Problem — Your reply must contain exactly the lines running from the one with "using sl u(1)" to the last line of the entries below, both included, and no other lines.

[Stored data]
────

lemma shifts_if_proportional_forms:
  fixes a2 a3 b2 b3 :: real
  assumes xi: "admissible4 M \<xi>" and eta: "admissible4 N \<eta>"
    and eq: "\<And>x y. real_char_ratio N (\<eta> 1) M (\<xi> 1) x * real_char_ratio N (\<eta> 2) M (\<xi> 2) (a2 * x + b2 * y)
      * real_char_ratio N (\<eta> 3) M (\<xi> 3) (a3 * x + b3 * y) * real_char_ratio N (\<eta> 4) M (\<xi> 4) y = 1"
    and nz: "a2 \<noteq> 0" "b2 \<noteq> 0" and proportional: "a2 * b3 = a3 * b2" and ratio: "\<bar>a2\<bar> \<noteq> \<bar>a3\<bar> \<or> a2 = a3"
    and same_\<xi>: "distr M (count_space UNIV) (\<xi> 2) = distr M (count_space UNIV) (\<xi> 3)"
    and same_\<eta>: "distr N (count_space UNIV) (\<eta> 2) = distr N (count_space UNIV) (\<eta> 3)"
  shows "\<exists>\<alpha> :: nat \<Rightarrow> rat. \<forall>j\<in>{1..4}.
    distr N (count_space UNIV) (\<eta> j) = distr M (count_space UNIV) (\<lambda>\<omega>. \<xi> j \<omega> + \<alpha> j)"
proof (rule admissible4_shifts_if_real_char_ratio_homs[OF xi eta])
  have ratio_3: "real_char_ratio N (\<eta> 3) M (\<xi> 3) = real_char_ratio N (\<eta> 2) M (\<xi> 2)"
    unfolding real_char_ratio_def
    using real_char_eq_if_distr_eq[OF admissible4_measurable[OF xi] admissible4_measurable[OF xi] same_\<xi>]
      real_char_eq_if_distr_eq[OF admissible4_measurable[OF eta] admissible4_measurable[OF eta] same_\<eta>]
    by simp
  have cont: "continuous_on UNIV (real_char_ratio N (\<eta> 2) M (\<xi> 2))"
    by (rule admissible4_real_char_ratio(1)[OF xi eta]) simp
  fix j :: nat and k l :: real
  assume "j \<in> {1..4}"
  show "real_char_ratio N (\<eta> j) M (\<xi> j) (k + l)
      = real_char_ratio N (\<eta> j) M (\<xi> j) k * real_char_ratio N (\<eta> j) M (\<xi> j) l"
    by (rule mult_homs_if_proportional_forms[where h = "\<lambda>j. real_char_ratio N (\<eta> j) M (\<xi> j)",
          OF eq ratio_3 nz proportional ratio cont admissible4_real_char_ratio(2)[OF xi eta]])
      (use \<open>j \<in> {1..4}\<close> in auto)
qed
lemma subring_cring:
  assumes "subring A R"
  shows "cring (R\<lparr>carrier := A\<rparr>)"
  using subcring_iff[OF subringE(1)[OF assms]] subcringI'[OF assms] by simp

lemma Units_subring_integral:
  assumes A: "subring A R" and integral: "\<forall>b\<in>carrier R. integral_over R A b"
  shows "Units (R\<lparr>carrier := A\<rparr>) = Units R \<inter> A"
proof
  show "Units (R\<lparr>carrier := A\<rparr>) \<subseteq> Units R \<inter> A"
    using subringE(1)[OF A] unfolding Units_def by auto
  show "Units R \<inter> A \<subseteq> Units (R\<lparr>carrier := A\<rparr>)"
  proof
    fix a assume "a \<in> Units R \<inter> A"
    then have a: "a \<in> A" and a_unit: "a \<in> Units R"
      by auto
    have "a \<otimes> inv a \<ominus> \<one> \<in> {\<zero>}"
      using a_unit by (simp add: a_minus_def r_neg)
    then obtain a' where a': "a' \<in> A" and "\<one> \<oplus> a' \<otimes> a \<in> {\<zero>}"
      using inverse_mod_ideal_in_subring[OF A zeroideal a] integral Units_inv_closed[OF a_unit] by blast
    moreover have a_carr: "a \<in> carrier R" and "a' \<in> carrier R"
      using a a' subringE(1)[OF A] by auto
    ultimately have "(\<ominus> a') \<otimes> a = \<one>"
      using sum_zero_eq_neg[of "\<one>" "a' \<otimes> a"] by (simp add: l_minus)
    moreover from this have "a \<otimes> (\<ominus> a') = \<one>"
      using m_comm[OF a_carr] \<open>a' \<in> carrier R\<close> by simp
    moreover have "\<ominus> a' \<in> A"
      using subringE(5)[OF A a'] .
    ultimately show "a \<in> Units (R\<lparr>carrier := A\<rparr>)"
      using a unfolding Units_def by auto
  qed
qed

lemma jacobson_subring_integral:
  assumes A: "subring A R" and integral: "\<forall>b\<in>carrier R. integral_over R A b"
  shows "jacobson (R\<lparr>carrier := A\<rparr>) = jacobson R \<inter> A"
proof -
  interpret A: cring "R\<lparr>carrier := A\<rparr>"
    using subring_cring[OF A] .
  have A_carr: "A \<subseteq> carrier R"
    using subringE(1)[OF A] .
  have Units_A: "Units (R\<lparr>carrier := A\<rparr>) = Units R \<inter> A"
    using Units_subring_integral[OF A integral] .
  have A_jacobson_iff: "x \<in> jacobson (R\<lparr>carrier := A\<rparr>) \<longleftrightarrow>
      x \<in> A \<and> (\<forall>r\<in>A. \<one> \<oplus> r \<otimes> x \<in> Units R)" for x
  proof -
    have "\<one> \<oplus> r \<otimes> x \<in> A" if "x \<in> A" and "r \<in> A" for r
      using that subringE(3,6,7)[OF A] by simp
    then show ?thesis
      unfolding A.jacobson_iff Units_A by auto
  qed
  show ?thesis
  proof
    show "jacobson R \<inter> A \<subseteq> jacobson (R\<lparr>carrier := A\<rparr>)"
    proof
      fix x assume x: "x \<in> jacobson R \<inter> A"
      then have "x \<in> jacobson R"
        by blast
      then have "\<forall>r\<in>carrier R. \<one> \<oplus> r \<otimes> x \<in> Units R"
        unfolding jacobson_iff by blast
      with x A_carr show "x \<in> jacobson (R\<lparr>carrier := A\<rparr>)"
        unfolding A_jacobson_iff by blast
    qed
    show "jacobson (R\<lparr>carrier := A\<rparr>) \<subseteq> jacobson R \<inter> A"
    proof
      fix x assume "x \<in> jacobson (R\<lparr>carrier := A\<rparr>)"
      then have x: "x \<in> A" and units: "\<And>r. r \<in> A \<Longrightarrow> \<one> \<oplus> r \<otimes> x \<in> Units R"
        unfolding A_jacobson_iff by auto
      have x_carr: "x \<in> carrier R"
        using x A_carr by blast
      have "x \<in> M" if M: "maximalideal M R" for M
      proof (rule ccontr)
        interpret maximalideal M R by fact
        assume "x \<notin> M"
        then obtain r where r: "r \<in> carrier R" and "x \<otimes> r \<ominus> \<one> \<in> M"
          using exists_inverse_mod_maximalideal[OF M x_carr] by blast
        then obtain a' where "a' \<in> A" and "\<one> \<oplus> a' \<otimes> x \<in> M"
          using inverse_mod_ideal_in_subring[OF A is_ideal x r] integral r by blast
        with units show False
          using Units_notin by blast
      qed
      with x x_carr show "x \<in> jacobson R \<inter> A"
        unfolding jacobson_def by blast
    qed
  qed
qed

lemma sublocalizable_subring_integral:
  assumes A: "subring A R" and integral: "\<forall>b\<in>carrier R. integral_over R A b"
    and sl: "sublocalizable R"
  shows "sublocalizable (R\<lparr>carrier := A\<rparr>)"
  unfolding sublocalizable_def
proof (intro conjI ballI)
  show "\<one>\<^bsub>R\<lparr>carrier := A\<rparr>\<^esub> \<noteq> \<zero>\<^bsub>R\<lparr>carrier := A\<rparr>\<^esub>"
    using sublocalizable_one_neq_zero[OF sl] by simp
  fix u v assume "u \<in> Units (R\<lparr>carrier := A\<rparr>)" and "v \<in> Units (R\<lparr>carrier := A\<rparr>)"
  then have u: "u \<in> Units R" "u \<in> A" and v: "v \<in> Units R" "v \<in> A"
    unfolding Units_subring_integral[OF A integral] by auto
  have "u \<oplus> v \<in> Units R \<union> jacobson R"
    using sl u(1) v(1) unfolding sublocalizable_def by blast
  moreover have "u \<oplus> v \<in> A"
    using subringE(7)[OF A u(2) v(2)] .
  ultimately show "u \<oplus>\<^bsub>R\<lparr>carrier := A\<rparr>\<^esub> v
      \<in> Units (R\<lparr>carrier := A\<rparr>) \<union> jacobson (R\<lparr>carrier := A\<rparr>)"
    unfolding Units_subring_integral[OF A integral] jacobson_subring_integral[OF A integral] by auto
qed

────

Completed task —
    using sl u(1) v(1) unfolding sublocalizable_def by blast
  moreover have "u \<oplus> v \<in> A"
    using subringE(7)[OF A u(2) v(2)] .
  ultimately show "u \<oplus>\<^bsub>R\<lparr>carrier := A\<rparr>\<^esub> v
      \<in> Units (R\<lparr>carrier := A\<rparr>) \<union> jacobson (R\<lparr>carrier := A\<rparr>)"
    unfolding Units_subring_integral[OF A integral] jacobson_subring_integral[OF A integral] by auto
qed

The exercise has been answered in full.